# Passer d'un qwerty à un azerty



## Adrienhb (24 Septembre 2003)

Hullo,

Une petite histoire pour expliquer ma question:
Etant en pc au bureau, j'ai demandé à avoir un clavier azerty et non un qwerty. Ce fut tout un bazar, entre autre il fallait changer les paramètres de windows pour qu'il comprenne que lorsque j'appuie sur la touche a de mon clavier, c'est bien un a que je veux et non un q. J'eus aussi cette impression que si le clavier n'avait pas la touche alt-gr, j'avais beau tapé sur la touche qui aurait dû être cette touche, windows ne la reconnaissait pas.
Bref au final tout s'est arrangé, mais je déclarais néanmoins: sous mac, cela aurait été plus simple: on aurait pris le clavier azerty, on l'aurait branché, on aurait sélectionné clavier français dans les pref sys et valà.
Ce à quoi on m'a répondu: "tu as essayé?"
Et là j'ai dû dire que non...

Donc je me tourne vers vous... dites je me trompe pas, c'est hachtement plus simple à changer de clavier sous mac que sous pc non?

Merci pour votre aide!  
	

	
	
		
		

		
			








A.


----------



## r e m y (24 Septembre 2003)

Adrienhb a dit:
			
		

> Hullo,
> 
> Une petite histoire pour expliquer ma question:
> Etant en pc au bureau, j'ai demandé à avoir un clavier azerty et non un qwerty. Ce fut tout un bazar, entre autre il fallait changer les paramètres de windows pour qu'il comprenne que lorsque j'appuie sur la touche a de mon clavier, c'est bien un a que je veux et non un q. J'eus aussi cette impression que si le clavier n'avait pas la touche alt-gr, j'avais beau tapé sur la touche qui aurait dû être cette touche, windows ne la reconnaissait pas.
> ...



Sur Mac c'est bien comme tu le décris qu'il faut faire. ET ça fonctionne


----------



## Adrienhb (24 Septembre 2003)

r e m y a dit:
			
		

> Sur Mac c'est bien comme tu le décris qu'il faut faire. ET ça fonctionne



Merci.
Puis-je te demander si tu as toi-même essayé?

A.


----------



## golf (25 Septembre 2003)

Moi, je l'ai fait, sans pb...

Mais tu peux aussi le "tester" virtuellement... Trouves une photo d'un qwerty, bascule ton azerty en qwerty (prefs système) et manipules le...


----------



## r e m y (25 Septembre 2003)

Un  qui a épousé une allemande le fait chaque jour sur son Mac. Comme sa femme était habituée à taper sur un clavier allemand, elle en a acheté un en Allemagne et selon que c'est mon ami ou sa femme qui utilisent le Mac, ils branchent le clavier français ou le clavier allemand et sélectionnent le drapeau français ou allemand dans la barre de menu.
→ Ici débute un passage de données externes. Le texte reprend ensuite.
lemma C0_line_map:
  assumes X: "X \<in> cM S"
  shows "line_map S X \<in> cC0 S (amb1 S X) (mcarrier (amb1 S X)) X"
proof -
  let ?A = "amb1 S X"
  have A: "?A \<in> cM S" "openin (mtop ?A) (mcarrier ?A)" using X by simp_all
  have "(\<lambda>z. pr S (psnd S (psnd S z)) (pfst S (psnd S z))) \<in> cC0 S ?A (mcarrier ?A) (prodM S (cK S) X)"
    using C0_pair C0_amb1_scalar C0_amb1_dir A X by simp
  from C0_compose_carrier[OF A(1) _ X A(2) this C0_smult_map[OF X]]
  have "(\<lambda>z. msmult X (kval S (psnd S (psnd S z))) (pfst S (psnd S z))) \<in> cC0 S ?A (mcarrier ?A) X"
    using X by simp
  then have "(\<lambda>z. pr S (pfst S z) (msmult X (kval S (psnd S (psnd S z))) (pfst S (psnd S z))))
      \<in> cC0 S ?A (mcarrier ?A) (prodM S X X)"
    using C0_pair C0_amb1_base A X by simp
  from C0_compose_carrier[OF A(1) _ X A(2) this C0_add_map[OF X]] X
  show ?thesis by (simp add: line_map_def[abs_def])
qed

lemma openin_dom1:
  assumes X: "X \<in> cM S" and V: "openin (mtop X) V"
  shows "openin (mtop (amb1 S X)) (dom1 S X V)"
proof -
  let ?A = "amb1 S X"
  have "openin (mtop ?A) ({z \<in> mcarrier ?A. pfst S z \<in> V} \<inter> {z \<in> mcarrier ?A. line_map S X z \<in> V})"
    using openin_C0_preimage[OF _ X _ C0_amb1_base V] openin_C0_preimage[OF _ X _ C0_line_map V] X
    by (simp add: openin_Int)
  moreover have "{z \<in> mcarrier ?A. pfst S z \<in> V} \<inter> {z \<in> mcarrier ?A. line_map S X z \<in> V} = dom1 S X V"
    using dom1_subset_carrier[OF X V] openin_subset_carrier[OF X V] by (auto simp: amb1_carrier elim!: dom1E)
  ultimately show ?thesis by simp
qed

lemma is_dq_expansion:
  assumes "Y \<in> cM S" "is_dq S X V Y \<phi> h" "\<And>x. x \<in> V \<Longrightarrow> \<phi> x \<in> mcarrier Y"
    and "x \<in> V" "v \<in> mcarrier X" "madd X x (msmult X t v) \<in> V"
  shows "\<phi> (madd X x (msmult X t v)) = madd Y (\<phi> x) (msmult Y t (h (pr S x (pr S v (emb S t)))))"
  using tmodule.mdiff_eqD[OF tmodule_cM[OF assms(1)] assms(3)[OF assms(6)] assms(3)[OF assms(4)]
      is_dqD[OF assms(2,4-6)]] .

lemma is_dq_subset:
  assumes X: "X \<in> cM S" and F: "F \<in> cM S" and V: "openin (mtop X) V" and W: "openin (mtop X) W" "W \<subseteq> V"
    and dq: "is_dq S X V F g h"
  shows "is_dq S X W F g h"
  unfolding is_dq_def
proof (intro conjI allI impI)
  show "h \<in> cC0 S (amb1 S X) (dom1 S X W) F"
    using C0_subset[OF _ F openin_dom1[OF X V] openin_dom1[OF X W(1)] dom1_mono[OF W(2)] is_dq_C0[OF dq]] X
    by simp
qed (use is_dqD[OF dq] W in blast)

lemma C0_ray:
  assumes X: "X \<in> cM S" and "x \<in> mcarrier X" "v \<in> mcarrier X"
  shows "(\<lambda>s. pr S x (pr S v s)) \<in> cC0 S (cK S) (mcarrier (cK S)) (amb1 S X)"
proof -
  have "(\<lambda>s. pr S v s) \<in> cC0 S (cK S) (mcarrier (cK S)) (prodM S X (cK S))"
    using C0_pr_left[OF X K_in_cM assms(3)] by simp
  from C0_compose_carrier[OF K_in_cM _ _ _ this C0_pr_left[OF X _ assms(2)]] X
  show ?thesis by (simp add: amb1_def)
qed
Cela dit, il me semble que sur Windows il y a aussi un item "claviers" dans les panneaux de configuration, et normalement il suffit de sélectionner clavier français, ou clavier US en fonction du clavier relié au PC... ça ne fonctionne pas?


----------



## Adrienhb (25 Septembre 2003)

r e m y a dit:
			
		

> Cela dit, il me semble que sur Windows il y a aussi un item "claviers" dans les panneaux de configuration, et normalement il suffit de sélectionner clavier français, ou clavier US en fonction du clavier relié au PC... ça ne fonctionne pas?



Merci pour les infos.
Si ça a fonctionné, mais ça a été tout un bazar... entre les applications qui switchaient d'elles mêmes en qwerty ou le menu de démarage qui ne veut encore que du qwerty pour entrer le mot de passe... En plus faut "ajouter" le clavier que l'on veut, 'fin bref, tout un bazar ma bonne dame qui me fait regretter mon mac. 
'fin bon reusement ce n'est que pour le bureau. 

A.


----------



## archi (25 Septembre 2003)

Après les phares jaunes, la norme SECAM, Airport limité à 4 canaux, Jacques Ch...c, le porte-avion CDG et l'exception "culturelle", voilà la septième plaie franco-française: le clavier AZERTY!


----------



## golf (25 Septembre 2003)

archi a dit:
			
		

> Après les phares jaunes, la norme SECAM, Airport limité à 4 canaux, Jacques Ch...c, le porte-avion CDG et l'exception "culturelle", voilà la septième plaie franco-française: le clavier AZERTY!


Tu oublies une autre plaie : les posteurs-râleurs ! 
	

	
	
		
		

		
		
	


	






Je te signale qu'en Europe, il y a autant de claviers différents que de pays !...


----------



## archi (25 Septembre 2003)

golf a dit:
			
		

> Tu oublies une autre plaie : les posteurs-râleurs !
> 
> 
> 
> ...



oui, mais ils commencent par QWERT...Z!


----------